▸ RECORDS FOR THE EXERCISE

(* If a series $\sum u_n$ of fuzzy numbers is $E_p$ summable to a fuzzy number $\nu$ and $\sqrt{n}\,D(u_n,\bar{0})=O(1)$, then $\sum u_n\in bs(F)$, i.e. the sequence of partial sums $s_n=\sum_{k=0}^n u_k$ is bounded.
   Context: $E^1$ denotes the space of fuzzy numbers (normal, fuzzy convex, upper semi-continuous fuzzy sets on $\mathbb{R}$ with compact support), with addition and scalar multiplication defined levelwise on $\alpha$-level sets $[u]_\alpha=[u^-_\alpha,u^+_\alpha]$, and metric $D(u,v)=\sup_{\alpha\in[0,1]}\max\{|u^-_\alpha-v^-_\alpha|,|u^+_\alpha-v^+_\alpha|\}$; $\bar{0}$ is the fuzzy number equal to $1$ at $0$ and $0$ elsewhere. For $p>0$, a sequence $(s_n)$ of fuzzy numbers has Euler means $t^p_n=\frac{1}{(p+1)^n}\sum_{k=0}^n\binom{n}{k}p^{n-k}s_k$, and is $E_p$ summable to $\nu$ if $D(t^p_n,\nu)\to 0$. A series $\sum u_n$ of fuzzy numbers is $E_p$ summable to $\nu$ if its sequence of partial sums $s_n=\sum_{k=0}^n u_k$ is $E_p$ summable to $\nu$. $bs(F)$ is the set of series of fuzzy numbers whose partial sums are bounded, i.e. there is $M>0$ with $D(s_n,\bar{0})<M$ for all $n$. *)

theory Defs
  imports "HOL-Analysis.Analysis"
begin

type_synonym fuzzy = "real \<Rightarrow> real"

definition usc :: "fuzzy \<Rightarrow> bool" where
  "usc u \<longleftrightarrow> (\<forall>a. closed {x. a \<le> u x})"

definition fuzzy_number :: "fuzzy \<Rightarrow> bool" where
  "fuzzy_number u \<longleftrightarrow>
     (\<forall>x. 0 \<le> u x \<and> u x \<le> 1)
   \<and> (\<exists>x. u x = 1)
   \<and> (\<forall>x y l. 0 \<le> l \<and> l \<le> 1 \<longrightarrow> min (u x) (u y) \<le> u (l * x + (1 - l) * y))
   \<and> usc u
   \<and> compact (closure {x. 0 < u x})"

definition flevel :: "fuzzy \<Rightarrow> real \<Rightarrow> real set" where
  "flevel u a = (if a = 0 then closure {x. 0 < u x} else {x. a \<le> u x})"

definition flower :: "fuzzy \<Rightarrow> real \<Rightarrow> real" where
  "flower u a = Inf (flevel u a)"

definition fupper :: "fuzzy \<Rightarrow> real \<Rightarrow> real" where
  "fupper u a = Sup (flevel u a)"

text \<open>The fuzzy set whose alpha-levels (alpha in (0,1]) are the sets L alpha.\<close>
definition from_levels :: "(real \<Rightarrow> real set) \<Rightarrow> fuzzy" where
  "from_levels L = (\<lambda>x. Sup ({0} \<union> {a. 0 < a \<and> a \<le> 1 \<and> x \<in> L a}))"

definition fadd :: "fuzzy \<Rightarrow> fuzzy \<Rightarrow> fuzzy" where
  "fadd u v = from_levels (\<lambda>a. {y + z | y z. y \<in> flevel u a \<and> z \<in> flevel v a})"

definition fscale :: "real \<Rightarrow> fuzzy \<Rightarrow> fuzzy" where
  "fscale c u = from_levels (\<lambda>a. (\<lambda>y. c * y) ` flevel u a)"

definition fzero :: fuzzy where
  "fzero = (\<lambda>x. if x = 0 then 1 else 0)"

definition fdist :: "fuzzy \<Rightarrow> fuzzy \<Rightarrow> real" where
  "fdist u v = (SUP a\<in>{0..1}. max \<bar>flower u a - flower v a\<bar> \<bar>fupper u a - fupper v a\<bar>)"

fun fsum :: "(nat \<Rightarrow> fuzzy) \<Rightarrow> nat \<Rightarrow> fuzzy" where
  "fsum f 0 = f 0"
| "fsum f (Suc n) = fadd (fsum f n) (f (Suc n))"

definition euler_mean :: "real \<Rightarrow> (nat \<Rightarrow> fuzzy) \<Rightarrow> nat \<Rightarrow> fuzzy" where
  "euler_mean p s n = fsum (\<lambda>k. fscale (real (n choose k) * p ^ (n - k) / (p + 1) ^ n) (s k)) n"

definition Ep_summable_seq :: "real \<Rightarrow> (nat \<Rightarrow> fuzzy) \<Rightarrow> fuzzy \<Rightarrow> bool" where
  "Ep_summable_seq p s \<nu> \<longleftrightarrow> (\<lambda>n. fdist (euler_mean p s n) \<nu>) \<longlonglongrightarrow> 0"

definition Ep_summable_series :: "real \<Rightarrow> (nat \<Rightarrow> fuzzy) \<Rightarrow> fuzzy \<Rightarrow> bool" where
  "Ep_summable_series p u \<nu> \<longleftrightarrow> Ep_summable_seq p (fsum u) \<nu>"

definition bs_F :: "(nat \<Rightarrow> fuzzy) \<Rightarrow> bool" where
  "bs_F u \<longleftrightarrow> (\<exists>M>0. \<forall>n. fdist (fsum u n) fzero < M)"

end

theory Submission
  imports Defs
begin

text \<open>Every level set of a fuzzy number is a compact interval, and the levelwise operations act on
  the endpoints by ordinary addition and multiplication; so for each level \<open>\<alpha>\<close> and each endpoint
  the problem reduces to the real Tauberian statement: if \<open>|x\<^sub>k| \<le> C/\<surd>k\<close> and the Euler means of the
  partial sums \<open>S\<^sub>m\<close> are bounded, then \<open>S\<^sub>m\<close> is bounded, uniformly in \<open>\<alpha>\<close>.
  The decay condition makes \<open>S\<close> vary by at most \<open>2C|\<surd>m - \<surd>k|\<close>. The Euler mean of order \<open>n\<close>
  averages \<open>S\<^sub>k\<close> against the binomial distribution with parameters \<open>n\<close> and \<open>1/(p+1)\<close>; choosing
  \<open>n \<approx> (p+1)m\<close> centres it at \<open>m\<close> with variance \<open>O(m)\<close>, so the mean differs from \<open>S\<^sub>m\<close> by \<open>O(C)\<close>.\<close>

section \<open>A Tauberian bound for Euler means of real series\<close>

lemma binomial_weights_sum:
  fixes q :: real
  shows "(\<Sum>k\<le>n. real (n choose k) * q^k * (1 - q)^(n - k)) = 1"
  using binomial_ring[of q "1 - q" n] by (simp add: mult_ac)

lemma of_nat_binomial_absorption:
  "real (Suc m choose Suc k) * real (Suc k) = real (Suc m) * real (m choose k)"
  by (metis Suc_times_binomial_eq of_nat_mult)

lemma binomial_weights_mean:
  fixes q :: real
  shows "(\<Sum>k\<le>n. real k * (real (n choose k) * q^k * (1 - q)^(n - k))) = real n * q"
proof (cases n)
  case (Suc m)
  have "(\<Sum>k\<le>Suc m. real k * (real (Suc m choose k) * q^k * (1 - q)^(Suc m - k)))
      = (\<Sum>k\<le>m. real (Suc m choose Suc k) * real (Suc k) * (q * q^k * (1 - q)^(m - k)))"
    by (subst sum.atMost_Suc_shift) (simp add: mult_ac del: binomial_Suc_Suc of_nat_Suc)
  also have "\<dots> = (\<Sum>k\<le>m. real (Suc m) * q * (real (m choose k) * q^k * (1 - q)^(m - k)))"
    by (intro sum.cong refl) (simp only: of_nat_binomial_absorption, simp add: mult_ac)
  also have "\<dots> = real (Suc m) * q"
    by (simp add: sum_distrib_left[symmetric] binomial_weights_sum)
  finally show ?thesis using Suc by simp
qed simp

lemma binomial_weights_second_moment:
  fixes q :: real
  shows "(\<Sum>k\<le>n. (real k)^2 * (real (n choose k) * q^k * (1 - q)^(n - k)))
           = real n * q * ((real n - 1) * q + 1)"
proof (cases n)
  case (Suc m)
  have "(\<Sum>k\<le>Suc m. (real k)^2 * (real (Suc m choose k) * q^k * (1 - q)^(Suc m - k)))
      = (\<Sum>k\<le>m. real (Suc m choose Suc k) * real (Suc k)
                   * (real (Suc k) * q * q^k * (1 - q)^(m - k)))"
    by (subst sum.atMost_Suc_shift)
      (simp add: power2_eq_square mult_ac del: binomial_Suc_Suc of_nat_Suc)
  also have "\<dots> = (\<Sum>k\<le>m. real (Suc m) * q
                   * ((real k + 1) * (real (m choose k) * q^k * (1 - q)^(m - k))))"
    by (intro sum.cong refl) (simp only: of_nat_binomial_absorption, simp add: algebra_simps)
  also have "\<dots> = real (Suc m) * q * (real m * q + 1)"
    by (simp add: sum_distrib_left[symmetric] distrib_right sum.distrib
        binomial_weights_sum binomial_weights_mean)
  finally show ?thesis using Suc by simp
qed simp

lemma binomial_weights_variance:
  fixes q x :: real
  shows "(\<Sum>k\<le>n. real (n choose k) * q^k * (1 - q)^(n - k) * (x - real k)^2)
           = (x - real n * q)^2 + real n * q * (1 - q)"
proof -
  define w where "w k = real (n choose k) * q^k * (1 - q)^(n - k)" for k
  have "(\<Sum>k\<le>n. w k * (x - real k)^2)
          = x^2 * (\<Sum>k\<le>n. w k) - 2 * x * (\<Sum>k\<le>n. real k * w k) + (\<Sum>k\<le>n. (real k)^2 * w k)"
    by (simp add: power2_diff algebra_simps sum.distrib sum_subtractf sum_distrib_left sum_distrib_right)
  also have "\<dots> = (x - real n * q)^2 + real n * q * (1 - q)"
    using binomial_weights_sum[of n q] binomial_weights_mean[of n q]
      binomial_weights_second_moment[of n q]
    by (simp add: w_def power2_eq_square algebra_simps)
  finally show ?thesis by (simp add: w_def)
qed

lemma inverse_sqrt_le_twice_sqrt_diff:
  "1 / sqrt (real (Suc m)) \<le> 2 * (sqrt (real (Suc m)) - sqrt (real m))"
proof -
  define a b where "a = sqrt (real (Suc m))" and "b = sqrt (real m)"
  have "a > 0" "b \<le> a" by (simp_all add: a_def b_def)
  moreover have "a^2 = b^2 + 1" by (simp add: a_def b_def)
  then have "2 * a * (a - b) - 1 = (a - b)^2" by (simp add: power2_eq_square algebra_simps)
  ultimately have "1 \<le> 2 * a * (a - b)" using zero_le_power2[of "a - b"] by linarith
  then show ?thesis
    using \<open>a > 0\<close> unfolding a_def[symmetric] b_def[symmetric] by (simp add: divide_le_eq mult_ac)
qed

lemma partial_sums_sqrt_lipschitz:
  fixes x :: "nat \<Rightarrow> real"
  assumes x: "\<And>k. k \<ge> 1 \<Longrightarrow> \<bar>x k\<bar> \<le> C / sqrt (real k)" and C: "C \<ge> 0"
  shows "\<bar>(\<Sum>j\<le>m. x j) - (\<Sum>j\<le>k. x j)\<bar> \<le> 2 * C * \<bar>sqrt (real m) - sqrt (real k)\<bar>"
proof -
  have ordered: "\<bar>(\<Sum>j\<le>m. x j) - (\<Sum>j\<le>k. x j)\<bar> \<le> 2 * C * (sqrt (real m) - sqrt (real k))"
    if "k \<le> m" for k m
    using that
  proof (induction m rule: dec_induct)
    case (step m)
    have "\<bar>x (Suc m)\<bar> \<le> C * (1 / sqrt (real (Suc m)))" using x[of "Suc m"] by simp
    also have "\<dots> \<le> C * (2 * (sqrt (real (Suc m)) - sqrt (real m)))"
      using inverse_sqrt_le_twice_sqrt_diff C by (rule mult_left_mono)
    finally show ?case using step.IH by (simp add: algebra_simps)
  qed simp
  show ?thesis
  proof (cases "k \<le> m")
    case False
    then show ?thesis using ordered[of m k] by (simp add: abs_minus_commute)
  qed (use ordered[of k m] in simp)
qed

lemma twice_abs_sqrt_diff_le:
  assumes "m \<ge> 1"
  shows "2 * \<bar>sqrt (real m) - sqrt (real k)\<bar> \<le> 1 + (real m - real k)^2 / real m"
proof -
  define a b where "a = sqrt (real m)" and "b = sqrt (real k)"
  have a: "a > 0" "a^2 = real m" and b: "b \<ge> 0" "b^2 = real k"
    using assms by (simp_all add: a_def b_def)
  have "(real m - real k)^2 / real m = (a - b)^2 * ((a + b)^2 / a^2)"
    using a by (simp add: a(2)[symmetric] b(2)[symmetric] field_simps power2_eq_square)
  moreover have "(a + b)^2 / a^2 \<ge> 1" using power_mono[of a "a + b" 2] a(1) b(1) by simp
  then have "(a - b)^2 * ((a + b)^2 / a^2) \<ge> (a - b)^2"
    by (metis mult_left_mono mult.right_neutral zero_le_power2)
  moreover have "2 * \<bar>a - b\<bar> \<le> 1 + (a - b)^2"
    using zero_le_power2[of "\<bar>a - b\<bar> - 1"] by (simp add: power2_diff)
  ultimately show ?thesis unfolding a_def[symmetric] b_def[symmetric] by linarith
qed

* * *

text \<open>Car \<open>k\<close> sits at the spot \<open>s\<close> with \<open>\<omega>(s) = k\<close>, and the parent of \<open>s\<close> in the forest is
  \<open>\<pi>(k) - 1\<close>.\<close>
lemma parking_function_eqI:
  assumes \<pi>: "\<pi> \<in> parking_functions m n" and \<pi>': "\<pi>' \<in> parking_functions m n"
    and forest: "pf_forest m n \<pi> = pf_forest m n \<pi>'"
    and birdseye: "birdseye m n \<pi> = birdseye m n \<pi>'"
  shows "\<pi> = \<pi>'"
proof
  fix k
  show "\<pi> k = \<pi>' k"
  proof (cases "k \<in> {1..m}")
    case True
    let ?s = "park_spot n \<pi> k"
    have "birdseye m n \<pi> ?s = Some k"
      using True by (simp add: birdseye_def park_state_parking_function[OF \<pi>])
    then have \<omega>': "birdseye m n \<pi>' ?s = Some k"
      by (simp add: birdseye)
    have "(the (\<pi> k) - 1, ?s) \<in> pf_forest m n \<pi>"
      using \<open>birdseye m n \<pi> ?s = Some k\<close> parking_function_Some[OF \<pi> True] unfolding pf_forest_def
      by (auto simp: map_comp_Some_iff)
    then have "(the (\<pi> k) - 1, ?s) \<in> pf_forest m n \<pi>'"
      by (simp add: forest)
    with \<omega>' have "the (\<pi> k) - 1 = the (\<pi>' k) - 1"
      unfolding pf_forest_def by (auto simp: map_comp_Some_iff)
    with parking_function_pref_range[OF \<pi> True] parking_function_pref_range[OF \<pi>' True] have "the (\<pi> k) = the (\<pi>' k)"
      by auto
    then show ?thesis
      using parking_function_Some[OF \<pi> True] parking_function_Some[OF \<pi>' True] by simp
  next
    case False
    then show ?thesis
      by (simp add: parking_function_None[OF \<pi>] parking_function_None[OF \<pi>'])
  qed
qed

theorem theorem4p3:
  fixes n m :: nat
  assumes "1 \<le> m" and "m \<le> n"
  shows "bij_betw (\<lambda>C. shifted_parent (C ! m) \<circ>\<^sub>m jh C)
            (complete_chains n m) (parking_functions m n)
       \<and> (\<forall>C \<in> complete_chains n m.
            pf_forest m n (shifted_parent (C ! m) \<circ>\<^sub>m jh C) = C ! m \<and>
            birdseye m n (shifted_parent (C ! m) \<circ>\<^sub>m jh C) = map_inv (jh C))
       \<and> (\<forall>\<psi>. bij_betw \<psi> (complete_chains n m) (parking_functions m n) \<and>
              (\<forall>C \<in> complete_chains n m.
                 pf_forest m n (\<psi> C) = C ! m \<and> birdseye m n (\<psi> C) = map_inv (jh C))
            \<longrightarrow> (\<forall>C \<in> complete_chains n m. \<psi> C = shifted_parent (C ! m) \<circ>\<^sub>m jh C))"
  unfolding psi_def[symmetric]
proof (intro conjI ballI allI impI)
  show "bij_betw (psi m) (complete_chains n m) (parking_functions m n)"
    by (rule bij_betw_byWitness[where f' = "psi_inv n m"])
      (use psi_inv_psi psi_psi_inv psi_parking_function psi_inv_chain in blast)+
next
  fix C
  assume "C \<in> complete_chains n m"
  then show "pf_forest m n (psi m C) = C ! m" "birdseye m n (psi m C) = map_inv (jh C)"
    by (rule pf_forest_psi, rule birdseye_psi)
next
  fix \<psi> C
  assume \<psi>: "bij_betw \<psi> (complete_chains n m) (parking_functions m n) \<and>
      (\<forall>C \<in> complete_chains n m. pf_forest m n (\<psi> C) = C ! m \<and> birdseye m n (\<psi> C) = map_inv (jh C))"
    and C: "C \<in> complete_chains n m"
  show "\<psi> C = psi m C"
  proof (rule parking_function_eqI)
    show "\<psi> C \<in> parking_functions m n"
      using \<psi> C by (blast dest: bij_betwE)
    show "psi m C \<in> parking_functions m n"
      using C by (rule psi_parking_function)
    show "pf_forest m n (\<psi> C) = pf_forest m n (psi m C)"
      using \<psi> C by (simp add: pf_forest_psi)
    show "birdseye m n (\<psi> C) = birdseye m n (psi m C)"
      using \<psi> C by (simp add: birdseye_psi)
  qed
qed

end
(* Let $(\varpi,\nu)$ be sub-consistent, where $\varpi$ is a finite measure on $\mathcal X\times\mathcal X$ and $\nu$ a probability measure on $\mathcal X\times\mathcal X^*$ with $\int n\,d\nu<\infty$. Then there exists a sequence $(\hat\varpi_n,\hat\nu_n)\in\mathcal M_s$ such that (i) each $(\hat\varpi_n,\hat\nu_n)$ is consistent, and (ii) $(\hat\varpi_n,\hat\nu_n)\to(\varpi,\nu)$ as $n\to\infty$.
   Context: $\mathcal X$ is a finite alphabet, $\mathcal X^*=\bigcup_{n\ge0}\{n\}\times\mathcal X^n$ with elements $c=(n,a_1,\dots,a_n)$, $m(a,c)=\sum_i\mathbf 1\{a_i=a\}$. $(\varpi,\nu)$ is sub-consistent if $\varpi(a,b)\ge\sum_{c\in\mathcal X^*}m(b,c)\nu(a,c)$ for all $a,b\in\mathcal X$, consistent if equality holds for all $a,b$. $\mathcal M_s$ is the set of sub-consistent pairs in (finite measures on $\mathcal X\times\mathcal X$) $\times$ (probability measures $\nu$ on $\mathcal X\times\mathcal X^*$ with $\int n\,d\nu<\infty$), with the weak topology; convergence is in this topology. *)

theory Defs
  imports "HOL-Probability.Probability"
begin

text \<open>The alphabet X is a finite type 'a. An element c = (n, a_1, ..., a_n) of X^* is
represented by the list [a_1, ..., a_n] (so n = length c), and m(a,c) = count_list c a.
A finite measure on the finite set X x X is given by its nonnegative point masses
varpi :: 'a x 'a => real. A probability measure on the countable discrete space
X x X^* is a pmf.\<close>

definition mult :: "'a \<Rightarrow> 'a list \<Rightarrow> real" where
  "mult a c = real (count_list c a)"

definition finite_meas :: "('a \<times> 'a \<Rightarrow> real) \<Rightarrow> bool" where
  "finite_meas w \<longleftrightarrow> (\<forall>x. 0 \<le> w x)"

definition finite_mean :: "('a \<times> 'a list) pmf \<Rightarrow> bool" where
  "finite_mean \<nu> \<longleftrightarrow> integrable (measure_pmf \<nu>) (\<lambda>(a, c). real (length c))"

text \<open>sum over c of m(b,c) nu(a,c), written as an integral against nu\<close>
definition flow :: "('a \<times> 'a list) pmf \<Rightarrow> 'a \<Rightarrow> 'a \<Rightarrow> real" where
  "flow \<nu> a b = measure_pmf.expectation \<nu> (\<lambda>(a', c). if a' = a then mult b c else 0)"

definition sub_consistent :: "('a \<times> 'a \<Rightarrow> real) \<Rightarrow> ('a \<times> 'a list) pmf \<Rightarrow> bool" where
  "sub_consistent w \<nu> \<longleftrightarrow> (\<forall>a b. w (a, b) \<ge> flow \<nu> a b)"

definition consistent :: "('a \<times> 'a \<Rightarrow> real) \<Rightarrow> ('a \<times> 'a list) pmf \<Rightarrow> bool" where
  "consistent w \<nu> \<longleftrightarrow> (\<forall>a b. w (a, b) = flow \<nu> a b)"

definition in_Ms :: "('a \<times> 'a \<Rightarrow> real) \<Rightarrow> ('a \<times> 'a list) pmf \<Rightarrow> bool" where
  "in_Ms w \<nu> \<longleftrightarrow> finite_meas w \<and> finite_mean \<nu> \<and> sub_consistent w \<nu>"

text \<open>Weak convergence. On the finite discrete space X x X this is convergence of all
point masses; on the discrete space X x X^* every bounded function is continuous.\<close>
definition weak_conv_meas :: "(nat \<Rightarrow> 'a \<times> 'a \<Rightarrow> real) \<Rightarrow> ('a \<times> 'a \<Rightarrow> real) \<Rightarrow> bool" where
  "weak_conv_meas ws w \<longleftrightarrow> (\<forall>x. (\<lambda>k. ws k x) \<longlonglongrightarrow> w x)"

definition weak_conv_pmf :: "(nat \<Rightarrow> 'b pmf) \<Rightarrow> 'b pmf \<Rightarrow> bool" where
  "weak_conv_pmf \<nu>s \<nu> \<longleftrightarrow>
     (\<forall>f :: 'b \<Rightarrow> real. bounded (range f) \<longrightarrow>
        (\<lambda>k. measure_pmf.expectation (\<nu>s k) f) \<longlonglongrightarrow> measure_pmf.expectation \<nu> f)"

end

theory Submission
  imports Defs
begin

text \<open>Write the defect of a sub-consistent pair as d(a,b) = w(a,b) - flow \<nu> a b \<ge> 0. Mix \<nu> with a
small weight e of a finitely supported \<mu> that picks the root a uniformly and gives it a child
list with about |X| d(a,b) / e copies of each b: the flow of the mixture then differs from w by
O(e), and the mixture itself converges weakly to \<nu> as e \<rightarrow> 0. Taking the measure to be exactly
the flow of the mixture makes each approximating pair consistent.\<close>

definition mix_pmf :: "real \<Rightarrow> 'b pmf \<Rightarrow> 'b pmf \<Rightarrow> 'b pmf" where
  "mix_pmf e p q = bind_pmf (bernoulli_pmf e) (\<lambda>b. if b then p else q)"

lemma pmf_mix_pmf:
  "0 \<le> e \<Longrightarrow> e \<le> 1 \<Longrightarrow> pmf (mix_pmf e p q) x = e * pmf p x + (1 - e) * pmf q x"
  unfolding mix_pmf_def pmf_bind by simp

▸ WHAT THE TASK REQUIRES
Reproduce each line of the records in which the word "cong" appears.

▸ SOLUTION TO THE PROBLEM
    by (intro sum.cong refl) (simp only: of_nat_binomial_absorption, simp add: mult_ac)
    by (intro sum.cong refl) (simp only: of_nat_binomial_absorption, simp add: algebra_simps)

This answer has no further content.